As happy as I am to say that the system is now coping with the extra load, getting there was hell. And on inspection the problem was obvious once you saw it at the proper scale. That is, the problem didn’t become a problem until the load increased.
And that’s how performance problems tend to manifest. Things are fine at one scale, but broken at another. It reminds me of this magnet my mom used to keep on the refrigerator that read:
It’s not the mountain that wears you out, it’s the grain of sand in your shoe.
Which is so true: you don’t even notice that grain of sand until you’ve walked miles, cut up the bottom of your foot, and bloodied your shoe. Then it’s an obvious thing – it’s painful and you can’t ignore it.
Thinking in Scales
Like anything, achieving performance is a balance. You want the best possible performance for the least cost and effort.

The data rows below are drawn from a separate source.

(* Let $T>0$ and let $g:[0,T]\to\mathbb R$ be a right-continuous nondecreasing function such that $g(t)-g(t-)\le\frac12$ for all $t\in(0,T]$. Then the Kurzweil integral equation $$y(t)=1+\int_0^t y(\tau)\,\mathrm dg(\tau)\quad\forall t\in[0,T]$$ has a unique nondecreasing right-continuous solution $y:[0,T]\to[1,\infty)$, and $y(t)\le \mathrm e^{2(g(T)-g(0))}$ for all $t\in[0,T]$.
   Context: The integral is the Kurzweil integral: $J=\int_a^b f(t)\,\mathrm dg(t)$ if for every $\varepsilon>0$ there is a gauge $\delta:[a,b]\to(0,\infty)$ such that $|J-\sum_{j=1}^m f(\tau_j)(g(t_j)-g(t_{j-1}))|<\varepsilon$ for every partition $a=t_0<\dots<t_m=b$, $\tau_j\in[t_{j-1},t_j]$, with $[t_{j-1},t_j]\subset(\tau_j-\delta(\tau_j),\tau_j+\delta(\tau_j))$ for all $j$, $t_{j-1}<\tau_j$ for $j\ge2$, and $\tau_j<t_j$ for $j\le m-1$. $g(t-)$ denotes the left limit. *)

theory Defs
  imports "HOL-Analysis.Analysis"
begin

definition kurzweil_fine ::
  "(real \<Rightarrow> real) \<Rightarrow> real \<Rightarrow> real \<Rightarrow> nat \<Rightarrow> (nat \<Rightarrow> real) \<Rightarrow> (nat \<Rightarrow> real) \<Rightarrow> bool" where
  "kurzweil_fine \<delta> a b m t \<tau> \<longleftrightarrow>
     t 0 = a \<and> t m = b \<and>
     (\<forall>j\<in>{1..m}. t (j - 1) < t j \<and> t (j - 1) \<le> \<tau> j \<and> \<tau> j \<le> t j \<and>
        \<tau> j - \<delta> (\<tau> j) < t (j - 1) \<and> t j < \<tau> j + \<delta> (\<tau> j)) \<and>
     (\<forall>j\<in>{2..m}. t (j - 1) < \<tau> j) \<and>
     (\<forall>j\<in>{1..m - 1}. \<tau> j < t j)"

definition kurzweil_has_integral ::
  "(real \<Rightarrow> real) \<Rightarrow> (real \<Rightarrow> real) \<Rightarrow> real \<Rightarrow> real \<Rightarrow> real \<Rightarrow> bool" where
  "kurzweil_has_integral f g a b J \<longleftrightarrow>
     (\<forall>\<epsilon>>0. \<exists>\<delta>. (\<forall>s\<in>{a..b}. \<delta> s > 0) \<and>
        (\<forall>m t \<tau>. kurzweil_fine \<delta> a b m t \<tau> \<longrightarrow>
           \<bar>J - (\<Sum>j=1..m. f (\<tau> j) * (g (t j) - g (t (j - 1))))\<bar> < \<epsilon>))"
lemma times_differentiable_on_add:
  "times_differentiable_on n S F \<Longrightarrow> times_differentiable_on n S G \<Longrightarrow>
     times_differentiable_on n S (\<lambda>t. F t + G t)"
proof (induction n arbitrary: F G)
  case (Suc n)
  then obtain F' G' where "\<forall>t\<in>S. (F has_vector_derivative F' t) (at t)" "times_differentiable_on n S F'"
    "\<forall>t\<in>S. (G has_vector_derivative G' t) (at t)" "times_differentiable_on n S G'"
    by auto
  with Suc.IH show ?case
    by (auto intro!: exI[of _ "\<lambda>t. F' t + G' t"] derivative_eq_intros)
qed simp

lemma times_differentiable_on_diff:
  "times_differentiable_on n S F \<Longrightarrow> times_differentiable_on n S G \<Longrightarrow>
     times_differentiable_on n S (\<lambda>t. F t - G t)"
proof (induction n arbitrary: F G)
  case (Suc n)
  then obtain F' G' where "\<forall>t\<in>S. (F has_vector_derivative F' t) (at t)" "times_differentiable_on n S F'"
    "\<forall>t\<in>S. (G has_vector_derivative G' t) (at t)" "times_differentiable_on n S G'"
    by auto
  with Suc.IH show ?case
    by (auto intro!: exI[of _ "\<lambda>t. F' t - G' t"] derivative_eq_intros)
qed simp

lemma times_differentiable_on_mult:
  fixes F G :: "real \<Rightarrow> 'a::real_normed_algebra"
  shows "times_differentiable_on n S F \<Longrightarrow> times_differentiable_on n S G \<Longrightarrow>
     times_differentiable_on n S (\<lambda>t. F t * G t)"
proof (induction n arbitrary: F G)
  case (Suc n)
  then obtain F' G' where F': "\<forall>t\<in>S. (F has_vector_derivative F' t) (at t)" "times_differentiable_on n S F'"
    and G': "\<forall>t\<in>S. (G has_vector_derivative G' t) (at t)" "times_differentiable_on n S G'"
    by auto
  have "times_differentiable_on n S F" "times_differentiable_on n S G"
    using Suc.prems times_differentiable_on_SucD by blast+
  with F' G' have "times_differentiable_on n S (\<lambda>t. F t * G' t + F' t * G t)"
    by (intro times_differentiable_on_add Suc.IH)
  with F' G' show ?case
    by (auto intro!: exI[of _ "\<lambda>t. F t * G' t + F' t * G t"] has_vector_derivative_mult)
qed simp

lemma times_differentiable_on_of_real:
  "times_differentiable_on n S F \<Longrightarrow>
     times_differentiable_on n S (\<lambda>t. of_real (F t) :: 'a::real_normed_algebra_1)"
proof (induction n arbitrary: F)
  case (Suc n)
  then obtain F' where "\<forall>t\<in>S. (F has_real_derivative F' t) (at t)" "times_differentiable_on n S F'"
    by (auto simp: has_real_derivative_iff_has_vector_derivative)
  with Suc.IH show ?case
    by (auto intro!: exI[of _ "\<lambda>t. of_real (F' t)"] has_vector_derivative_of_real)
qed simp

lemma times_differentiable_on_power:
  fixes F :: "real \<Rightarrow> 'a::real_normed_algebra_1"
  shows "times_differentiable_on n S F \<Longrightarrow> times_differentiable_on n S (\<lambda>t. F t ^ m)"
  by (induction m) (auto intro: times_differentiable_on_const times_differentiable_on_mult)

lemma times_differentiable_on_inverse:
  assumes "0 \<notin> S"
  shows "times_differentiable_on n S (\<lambda>t. inverse t)"
proof (induction n)
  case (Suc n)
  have "((\<lambda>t. inverse t) has_vector_derivative - (inverse t * inverse t)) (at t)" if "t \<in> S" for t
    using that assms
    by (auto intro!: derivative_eq_intros simp: has_real_derivative_iff_has_vector_derivative[symmetric]
        power2_eq_square field_simps)
  moreover have "times_differentiable_on n S (\<lambda>t. - 1 * (inverse t * inverse t))"
    using Suc by (intro times_differentiable_on_mult times_differentiable_on_const)
  ultimately show ?case
    by (auto intro!: exI[of _ "\<lambda>t. - (inverse t * inverse t)"])
qed simp

lemmas times_differentiable_on_intros = times_differentiable_on_const times_differentiable_on_id
  times_differentiable_on_add times_differentiable_on_diff times_differentiable_on_mult
  times_differentiable_on_power times_differentiable_on_of_real

lemma smooth_on_nonneg_continuous_on:
  assumes "smooth_on_nonneg f"
  shows "continuous_on {0..} f"
proof -
  obtain fd where fd0: "\<forall>x\<ge>0. fd 0 x = f x"
    and fd: "\<forall>n. \<forall>x\<ge>0. (fd n has_vector_derivative fd (Suc n) x) (at x within {0..})"
    using assms unfolding smooth_on_nonneg_def by blast
  have "continuous (at x within {0..}) (fd 0)" if "x \<in> {0..}" for x
    using has_vector_derivative_continuous[OF fd[rule_format, of x 0]] that by simp
  then have "continuous_on {0..} (fd 0)"
    by (simp add: continuous_on_eq_continuous_within)
  then show ?thesis
    by (rule continuous_on_eq) (use fd0 in auto)
qed

lemma smooth_on_nonneg_reflect:
  assumes "smooth_on_nonneg f"
  shows "smooth_on {..<c} (\<lambda>t. f (c - t))"
proof -
  obtain fd where fd0: "\<forall>x\<ge>0. fd 0 x = f x"
    and fd: "\<forall>n. \<forall>x\<ge>0. (fd n has_vector_derivative fd (Suc n) x) (at x within {0..})"
    using assms unfolding smooth_on_nonneg_def by blast
  have fd_reflect: "times_differentiable_on n {..<c} (\<lambda>t. fd m (c - t))" for n m
  proof (induction n arbitrary: m)
    case (Suc n)
    have "((\<lambda>t. fd m (c - t)) has_vector_derivative - fd (Suc m) (c - t)) (at t)" if "t < c" for t
    proof -
      have "at (c - t) within {0..} = at (c - t)"
        using that by (intro at_within_interior) auto
      moreover have "(fd m has_vector_derivative fd (Suc m) (c - t)) (at (c - t) within {0..})"
        using fd that by simp
      ultimately have "(fd m has_vector_derivative fd (Suc m) (c - t)) (at (c - t))"
        by simp
      moreover have "((\<lambda>t. c - t) has_vector_derivative -1) (at t)"
        by (auto intro!: derivative_eq_intros)
      ultimately show ?thesis
        using vector_diff_chain_at by (fastforce simp: o_def)
    qed
    moreover have "times_differentiable_on n {..<c} (\<lambda>t. - 1 * fd (Suc m) (c - t))"
      using Suc.IH by (intro times_differentiable_on_intros)
    ultimately show ?case
      by (auto intro!: exI[of _ "\<lambda>t. - fd (Suc m) (c - t)"])
  qed simp
  have "times_differentiable_on n {..<c} (\<lambda>t. f (c - t))" for n
    by (rule times_differentiable_on_cong[OF fd_reflect[of n 0] open_lessThan]) (use fd0 in simp)
  then show ?thesis
    unfolding smooth_on_def ..
qed

section \<open>The operator \<open>D\<close>\<close>

lemma Dop_cong:
  assumes "open S" "\<And>s. s \<in> S \<Longrightarrow> F s = G s" "t \<in> S"
  shows "Dop F t = Dop G t"
proof -
  have "eventually (\<lambda>s. s \<in> UNIV \<longrightarrow> F s = G s) (nhds t)"
    using eventually_nhds_in_open[OF assms(1,3)] by eventually_elim (use assms(2) in auto)
  then have "vector_derivative F (at t within UNIV) = vector_derivative G (at t within UNIV)"
    by (rule vector_derivative_cong_eq) auto
  then show ?thesis by (simp add: Dop_def)
qed

lemma funpow_Dop_cong:
  assumes "open S" "\<And>s. s \<in> S \<Longrightarrow> F s = G s" "t \<in> S"
  shows "(Dop ^^ n) F t = (Dop ^^ n) G t"
  using assms(3)
proof (induction n arbitrary: t)
  case (Suc n)
  then show ?case by (auto intro: Dop_cong[OF assms(1)])
qed (use assms(2) in simp)

lemma Dop_eq:
  "(F has_vector_derivative F') (at t) \<Longrightarrow> Dop F t = F' / of_real t"
  by (simp add: Dop_def vector_derivative_at)

lemma times_differentiable_on_Dop:
  assumes "open S" "0 \<notin> S" "times_differentiable_on (Suc n) S F"
  shows "times_differentiable_on n S (Dop F)"
proof -
  obtain F' where F': "\<forall>t\<in>S. (F has_vector_derivative F' t) (at t)" "times_differentiable_on n S F'"
    using assms(3) by auto
  have "times_differentiable_on n S (\<lambda>t. F' t * of_real (inverse t))"
    using F'(2) assms(2)
    by (intro times_differentiable_on_intros times_differentiable_on_inverse)
  moreover have "F' t * of_real (inverse t) = Dop F t" if "t \<in> S" for t
    using Dop_eq[OF bspec[OF F'(1) that]] by (simp add: divide_inverse)
  ultimately show ?thesis
    by (rule times_differentiable_on_cong[OF _ assms(1)])
qed

lemma smooth_on_funpow_Dop:
  "open S \<Longrightarrow> 0 \<notin> S \<Longrightarrow> smooth_on S F \<Longrightarrow> smooth_on S ((Dop ^^ n) F)"
  by (induction n) (auto simp: smooth_on_def intro: times_differentiable_on_Dop)

lemma smooth_on_has_vector_derivative:
  assumes "smooth_on S F" "t \<in> S"
  obtains F' where "(F has_vector_derivative F') (at t)"
proof -
  have "times_differentiable_on (Suc 0) S F"
    using assms(1) unfolding smooth_on_def by blast
  with assms(2) that show ?thesis by auto
qed

lemma Dop_linear:
  assumes "smooth_on S F" "smooth_on S G" "t \<in> S"
  shows "Dop (\<lambda>s. a * F s + b * G s) t = a * Dop F t + b * Dop G t"
proof -
  obtain F' G' where F': "(F has_vector_derivative F') (at t)" and G': "(G has_vector_derivative G') (at t)"
    using smooth_on_has_vector_derivative assms by metis
  have "((\<lambda>s. a * F s + b * G s) has_vector_derivative a * F' + b * G') (at t)"
    using F' G' by (auto intro!: derivative_eq_intros)
  then show ?thesis
    using Dop_eq[OF F'] Dop_eq[OF G'] by (simp add: Dop_eq add_divide_distrib)
qed
(* Let $\mathbb{S}$ be a metric space with its Borel $\sigma$-field, let $\{\mu_n\}_{n=1,2,\ldots}$ be a sequence of measures on $\mathbb{S}$ converging weakly to a finite measure $\mu$ on $\mathbb{S}$, and let $\{f_n\}_{n=1,2,\ldots}$ be a sequence of measurable $[-\infty,+\infty]$-valued functions on $\mathbb{S}$ such that $\{f_n^-\}_{n=1,2,\ldots}$ is asymptotically uniformly integrable with respect to $\{\mu_n\}_{n=1,2,\ldots}$. Then $$\int_{\mathbb{S}}\liminf_{n\to\infty,\,s'\to s} f_n(s')\,\mu(ds)\le\liminf_{n\to\infty}\int_{\mathbb{S}} f_n(s)\,\mu_n(ds).$$
   Context: $\mu_n$ converges weakly to $\mu$ means $\int f\,d\mu_n\to\int f\,d\mu$ for every bounded continuous $f:\mathbb{S}\to\mathbb{R}$. $f^-=-\min\{f,0\}$, $f^+=\max\{f,0\}$. For an extended-real function $f$ and measure $\nu$, $\int f\,d\nu:=\int f^+d\nu-\int f^-d\nu$, defined when $\min\{\int f^+d\nu,\int f^-d\nu\}<\infty$; all integrals appearing in the hypotheses and conclusion are assumed to be defined. $\liminf_{n\to\infty,s'\to s}f_n(s'):=\sup_{n\ge1,\delta>0}\inf_{m\ge n,\,s'\in B_\delta(s)}f_m(s')$, where $B_\delta(s)$ is the open ball of radius $\delta$ about $s$. A sequence $\{h_n\}$ is asymptotically uniformly integrable with respect to $\{\mu_n\}$ if $\lim_{K\to+\infty}\limsup_{n\to\infty}\int|h_n|\,\mathbf{1}\{|h_n|\ge K\}\,d\mu_n=0$. *)

theory Defs
  imports "HOL-Analysis.Analysis"
begin

definition pos_part :: "('a \<Rightarrow> ereal) \<Rightarrow> 'a \<Rightarrow> ereal" where
  "pos_part f = (\<lambda>x. max (f x) 0)"

definition neg_part :: "('a \<Rightarrow> ereal) \<Rightarrow> 'a \<Rightarrow> ereal" where
  "neg_part f = (\<lambda>x. - min (f x) 0)"

definition pos_integral :: "'a measure \<Rightarrow> ('a \<Rightarrow> ereal) \<Rightarrow> ereal" where
  "pos_integral M f = enn2ereal (\<integral>\<^sup>+ x. e2ennreal (pos_part f x) \<partial>M)"

definition neg_integral :: "'a measure \<Rightarrow> ('a \<Rightarrow> ereal) \<Rightarrow> ereal" where
  "neg_integral M f = enn2ereal (\<integral>\<^sup>+ x. e2ennreal (neg_part f x) \<partial>M)"

definition integral_defined :: "'a measure \<Rightarrow> ('a \<Rightarrow> ereal) \<Rightarrow> bool" where
  "integral_defined M f \<longleftrightarrow> min (pos_integral M f) (neg_integral M f) < \<infinity>"

definition ext_integral :: "'a measure \<Rightarrow> ('a \<Rightarrow> ereal) \<Rightarrow> ereal" where
  "ext_integral M f = pos_integral M f - neg_integral M f"

definition weak_conv :: "(nat \<Rightarrow> 'a::metric_space measure) \<Rightarrow> 'a measure \<Rightarrow> bool" where
  "weak_conv \<mu>s \<mu> \<longleftrightarrow>
     (\<forall>g :: 'a \<Rightarrow> real. continuous_on UNIV g \<and> bounded (range g) \<longrightarrow>
        (\<forall>n. integral_defined (\<mu>s n) (\<lambda>x. ereal (g x))) \<and>
        integral_defined \<mu> (\<lambda>x. ereal (g x)) \<and>
        (\<lambda>n. ext_integral (\<mu>s n) (\<lambda>x. ereal (g x)))
           \<longlonglongrightarrow> ext_integral \<mu> (\<lambda>x. ereal (g x)))"

definition joint_liminf :: "(nat \<Rightarrow> 'a::metric_space \<Rightarrow> ereal) \<Rightarrow> 'a \<Rightarrow> ereal" where
  "joint_liminf f s = (SUP p \<in> {(n, \<delta>). \<delta> > (0::real)}.
      (INF q \<in> {(m, s'). m \<ge> fst p \<and> s' \<in> ball s (snd p)}. f (fst q) (snd q)))"

definition asymp_unif_integrable ::
    "(nat \<Rightarrow> 'a \<Rightarrow> ereal) \<Rightarrow> (nat \<Rightarrow> 'a measure) \<Rightarrow> bool" where
  "asymp_unif_integrable h \<mu>s \<longleftrightarrow>
     ((\<lambda>K::real. limsup (\<lambda>n. \<integral>\<^sup>+ x. e2ennreal \<bar>h n x\<bar> *
          indicator {y. \<bar>h n y\<bar> \<ge> ereal K} x \<partial>(\<mu>s n))) \<longlongrightarrow> 0) at_top"

end

theory Submission
  imports Defs
begin

(* A lower semicontinuous h \<ge> 0 is the increasing limit of the bounded Lipschitz functions
   s \<mapsto> inf_y (min (h y) k + k d(s, y)), so weak convergence and monotone convergence give
   \<integral> h d\<mu> \<le> liminf \<integral> h d\<mu>_n. The joint liminf of f_n is the increasing limit over n of the
   lower semicontinuous envelopes inf {f_m(s') | m \<ge> n, s' near s}, each of which lies below
   f_m for m \<ge> n; this settles nonnegative f_n. In general one applies this to (f_n + K)^+:
   passing from f_n to (f_n + K)^+ costs at most K \<mu>_n(S) + \<integral> f_n^- 1{f_n^- \<ge> K} d\<mu>_n, the
   first term converges to the K \<mu>(S) gained on the limit side, and the second one is small
   for large K by asymptotic uniform integrability. *)

definition lower_semicontinuous :: "('a::topological_space \<Rightarrow> 'b::linorder) \<Rightarrow> bool" where
  "lower_semicontinuous h \<longleftrightarrow> (\<forall>c. open {x. c < h x})"

lemma lower_semicontinuous_borel_measurable:
  fixes h :: "'a::topological_space \<Rightarrow> 'b::{linorder_topology, second_countable_topology}"
  assumes "lower_semicontinuous h"
  shows "h \<in> borel_measurable borel"
  using assms unfolding lower_semicontinuous_def by (intro borel_measurableI_greater) simp

(* Truncating h at k keeps the values finite, so enn2real does not send \<infinity> to 0. *)
definition lipschitz_minorant :: "('a::metric_space \<Rightarrow> ennreal) \<Rightarrow> nat \<Rightarrow> 'a \<Rightarrow> real" where
  "lipschitz_minorant h k s = (INF y. enn2real (min (h y) (of_nat k)) + real k * dist s y)"

lemma
  fixes h :: "'a::metric_space \<Rightarrow> ennreal"
  shows lipschitz_minorant_le: "lipschitz_minorant h k s \<le> enn2real (min (h y) (of_nat k)) + real k * dist s y"
    and lipschitz_minorant_greatest:
      "(\<And>y. c \<le> enn2real (min (h y) (of_nat k)) + real k * dist s y) \<Longrightarrow> c \<le> lipschitz_minorant h k s"
  unfolding lipschitz_minorant_def
  by (auto intro!: cINF_lower cINF_greatest bdd_belowI2[where m=0])

lemma enn2real_min_of_nat_le: "enn2real (min h (of_nat k)) \<le> real k"
  using enn2real_mono[of "min h (of_nat k)" "of_nat k"] by (simp add: of_nat_less_top)

lemma lipschitz_minorant_nonneg: "0 \<le> lipschitz_minorant h k s"
  by (rule lipschitz_minorant_greatest) simp

lemma lipschitz_minorant_le_nat: "lipschitz_minorant h k s \<le> real k"
  using lipschitz_minorant_le[of h k s s] enn2real_min_of_nat_le[of "h s" k] by simp

lemma lipschitz_minorant_lipschitz: "(real k)-lipschitz_on UNIV (lipschitz_minorant h k)"
proof -
  have shift: "lipschitz_minorant h k s \<le> lipschitz_minorant h k t + real k * dist s t" for s t
  proof -
    have "lipschitz_minorant h k s - real k * dist s t \<le> lipschitz_minorant h k t"
    proof (rule lipschitz_minorant_greatest)
      fix y
      have "dist s y \<le> dist s t + dist t y" by (rule dist_triangle)
      then have "real k * dist s y \<le> real k * dist s t + real k * dist t y"
        by (simp add: mult_left_mono flip: distrib_left)
      then show "lipschitz_minorant h k s - real k * dist s t
          \<le> enn2real (min (h y) (of_nat k)) + real k * dist t y"
        using lipschitz_minorant_le[of h k s y] by linarith
    qed
    then show ?thesis by simp
  qed
  show ?thesis
  proof (rule lipschitz_onI)
    fix s t :: 'a
    show "dist (lipschitz_minorant h k s) (lipschitz_minorant h k t) \<le> real k * dist s t"
      using shift[of s t] shift[of t s] by (simp add: dist_real_def dist_commute abs_le_iff)
  qed simp
qed

lemma continuous_lipschitz_minorant: "continuous_on UNIV (lipschitz_minorant h k)"
  using lipschitz_minorant_lipschitz by (rule lipschitz_on_continuous_on)

lemma bounded_lipschitz_minorant: "bounded (range (lipschitz_minorant h k))"
  using lipschitz_minorant_nonneg[of h k] lipschitz_minorant_le_nat[of h k]
  by (intro boundedI[where B="real k"]) (force simp: abs_le_iff)

lemma lipschitz_minorant_le_fun: "ennreal (lipschitz_minorant h k s) \<le> h s"
proof -
  have "ennreal (lipschitz_minorant h k s) \<le> ennreal (enn2real (min (h s) (of_nat k)))"
    using lipschitz_minorant_le[of h k s s] by (intro ennreal_leI) simp
  also have "\<dots> = min (h s) (of_nat k)"
    by (simp add: min.strict_coboundedI2 of_nat_less_top)
  finally show ?thesis by simp
qed

lemma incseq_lipschitz_minorant: "incseq (\<lambda>k s. ennreal (lipschitz_minorant h k s))"
proof (intro incseq_SucI le_funI ennreal_leI lipschitz_minorant_greatest)
  fix k s y
  have "enn2real (min (h y) (of_nat k)) \<le> enn2real (min (h y) (of_nat (Suc k)))"
    by (rule enn2real_mono) (auto simp: min.coboundedI2 min.strict_coboundedI2 of_nat_less_top)
  moreover have "real k * dist s y \<le> real (Suc k) * dist s y"
    by (simp add: mult_right_mono)
  ultimately show "lipschitz_minorant h k s \<le> enn2real (min (h y) (of_nat (Suc k))) + real (Suc k) * dist s y"
    using lipschitz_minorant_le[of h k s y] by linarith
qed

lemma SUP_lipschitz_minorant:
  assumes "lower_semicontinuous h"
  shows "(SUP k. ennreal (lipschitz_minorant h k s)) = h s"
proof (rule antisym)
  show "(SUP k. ennreal (lipschitz_minorant h k s)) \<le> h s"
    by (rule SUP_least) (rule lipschitz_minorant_le_fun)
  show "h s \<le> (SUP k. ennreal (lipschitz_minorant h k s))"
  proof (rule dense_le)
    fix c assume "c < h s"
    then obtain r where r: "c = ennreal r" "0 \<le> r"
      by (cases c) auto
    have "open {x. c < h x}"
      using assms unfolding lower_semicontinuous_def ..
    then obtain \<delta> where "\<delta> > 0" and \<delta>: "\<And>y. y \<in> ball s \<delta> \<Longrightarrow> c < h y"
      using \<open>c < h s\<close> by (force simp: open_contains_ball)
    \<comment> \<open>\<open>k\<close> is large enough that both \<open>min (h y) k\<close> on the ball and the penalty \<open>k \<delta>\<close> off it exceed \<open>r\<close>\<close>
    define k where "k = nat \<lceil>r / \<delta>\<rceil> + nat \<lceil>r\<rceil>"
    have "r \<le> real k" unfolding k_def by linarith
    have "r / \<delta> \<le> real k" unfolding k_def by linarith
    then have "r \<le> real k * \<delta>" using \<open>\<delta> > 0\<close> by (simp add: divide_le_eq)
    have "r \<le> lipschitz_minorant h k s"
    proof (rule lipschitz_minorant_greatest)
      fix y
      show "r \<le> enn2real (min (h y) (of_nat k)) + real k * dist s y"
      proof (cases "y \<in> ball s \<delta>")
        case True
        then have "c \<le> min (h y) (of_nat k)"
          using \<delta>[OF True] \<open>r \<le> real k\<close> r by (simp add: ennreal_of_nat_eq_real_of_nat ennreal_leI)
        then have "r \<le> enn2real (min (h y) (of_nat k))"
          using r enn2real_mono[of c "min (h y) (of_nat k)"] by (simp add: min.strict_coboundedI2 of_nat_less_top)
        then show ?thesis by (simp add: add_increasing2)
      next
        case False
        then have "real k * \<delta> \<le> real k * dist s y" by (simp add: mult_left_mono)
        with \<open>r \<le> real k * \<delta>\<close> show ?thesis
          using enn2real_nonneg[of "min (h y) (of_nat k)"] by linarith
      qed
    qed
    then have "c \<le> ennreal (lipschitz_minorant h k s)" using r by (simp add: ennreal_leI)
    also have "\<dots> \<le> (SUP k. ennreal (lipschitz_minorant h k s))" by (rule SUP_upper) simp
    finally show "c \<le> (SUP k. ennreal (lipschitz_minorant h k s))" .
  qed
qed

The way I tend to think about scales – whether we’re talking about time, people, requests, whatever – is by powers of growth. For instance, imagine planning a party for a group of people, and consider the challenges as the guest list grows to:
- 1 person
- 10 people
- 100 people
- 1000 people
- 10000 people
- 100000 people
- … and so forth
That is, planning a party for 200 people isn’t that much different than planning for 100, but planning for 1000 is WAY harder than planning for 100.
For time scales, I find it helpful to think in the following units:
- geologic time
For example, during planning meetings you’ll frequently hear me ask “are we talking hours, days, weeks, or months?”
Now in the realm of scaling software, here is the money question:
At what scale is the system be expected to operate?
An application that needs to support 100 operations every second can be designed very differently than an application that needs to support 1000 operations every second. The logic applies to bugs too: small performance issues that can be ignored at a small scale become debilitating as you scale up your effort.
Just like that grain of sand in your shoe – it probably won’t be an issue while you’re fetching your mail, but you might want to address it before you head up Grandfather Mountain.